[Stored data entries]
====================

(* Let $d$ and $h$ be positive integers with $d\geq\frac{4}{3}\cdot 2^{2h-1}+h-1$. Let $T$ be the rooted tree of depth $d$ in which the root has exactly $5$ children and every non-root vertex at depth less than $d$ has exactly $4$ children (so $T$ has maximum degree $5$). Let $S$ be a set of $5\cdot 4^{d-h-1}$ leaves of $T$ that contains exactly one descendant of every vertex of depth $d-h$. Then $S$ is an exponential dominating set of $T$; in particular $\gamma_e(T)\leq 5\cdot 4^{d-h-1}$.
   Context: The depth of a vertex in a rooted tree is its distance from the root, and the depth of the tree is the maximum depth of a vertex. For a graph $G$, a set $S\subseteq V(G)$, and vertices $u,v$ with $u\in S$ or $v\in S$, ${\rm dist}_{(G,S)}(u,v)$ is the minimum number of edges of a path $P$ in $G$ between $u$ and $v$ such that $S$ contains exactly one endvertex of $P$ and no internal vertex of $P$, and $\infty$ if no such path exists (so ${\rm dist}_{(G,S)}(u,u)=0$ for $u\in S$). For $u\in V(G)$, $w_{(G,S)}(u)=\sum_{v\in S}(1/2)^{{\rm dist}_{(G,S)}(u,v)-1}$ with $(1/2)^{\infty}=0$. $S$ is an exponential dominating set of $G$ if $w_{(G,S)}(u)\geq 1$ for every $u\in V(G)$, and $\gamma_e(G)$ is the minimum cardinality of an exponential dominating set of $G$. *)

theory Defs
  imports Complex_Main "HOL-Library.Extended_Nat" "HOL-Library.Sublist"
begin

====================

● TO DO
Lines with "rooted" in the records above: copy every one of them.

● EXERCISE RESULT
(* Let $d$ and $h$ be positive integers with $d\geq\frac{4}{3}\cdot 2^{2h-1}+h-1$. Let $T$ be the rooted tree of depth $d$ in which the root has exactly $5$ children and every non-root vertex at depth less than $d$ has exactly $4$ children (so $T$ has maximum degree $5$). Let $S$ be a set of $5\cdot 4^{d-h-1}$ leaves of $T$ that contains exactly one descendant of every vertex of depth $d-h$. Then $S$ is an exponential dominating set of $T$; in particular $\gamma_e(T)\leq 5\cdot 4^{d-h-1}$.
   Context: The depth of a vertex in a rooted tree is its distance from the root, and the depth of the tree is the maximum depth of a vertex. For a graph $G$, a set $S\subseteq V(G)$, and vertices $u,v$ with $u\in S$ or $v\in S$, ${\rm dist}_{(G,S)}(u,v)$ is the minimum number of edges of a path $P$ in $G$ between $u$ and $v$ such that $S$ contains exactly one endvertex of $P$ and no internal vertex of $P$, and $\infty$ if no such path exists (so ${\rm dist}_{(G,S)}(u,u)=0$ for $u\in S$). For $u\in V(G)$, $w_{(G,S)}(u)=\sum_{v\in S}(1/2)^{{\rm dist}_{(G,S)}(u,v)-1}$ with $(1/2)^{\infty}=0$. $S$ is an exponential dominating set of $G$ if $w_{(G,S)}(u)\geq 1$ for every $u\in V(G)$, and $\gamma_e(G)$ is the minimum cardinality of an exponential dominating set of $G$. *)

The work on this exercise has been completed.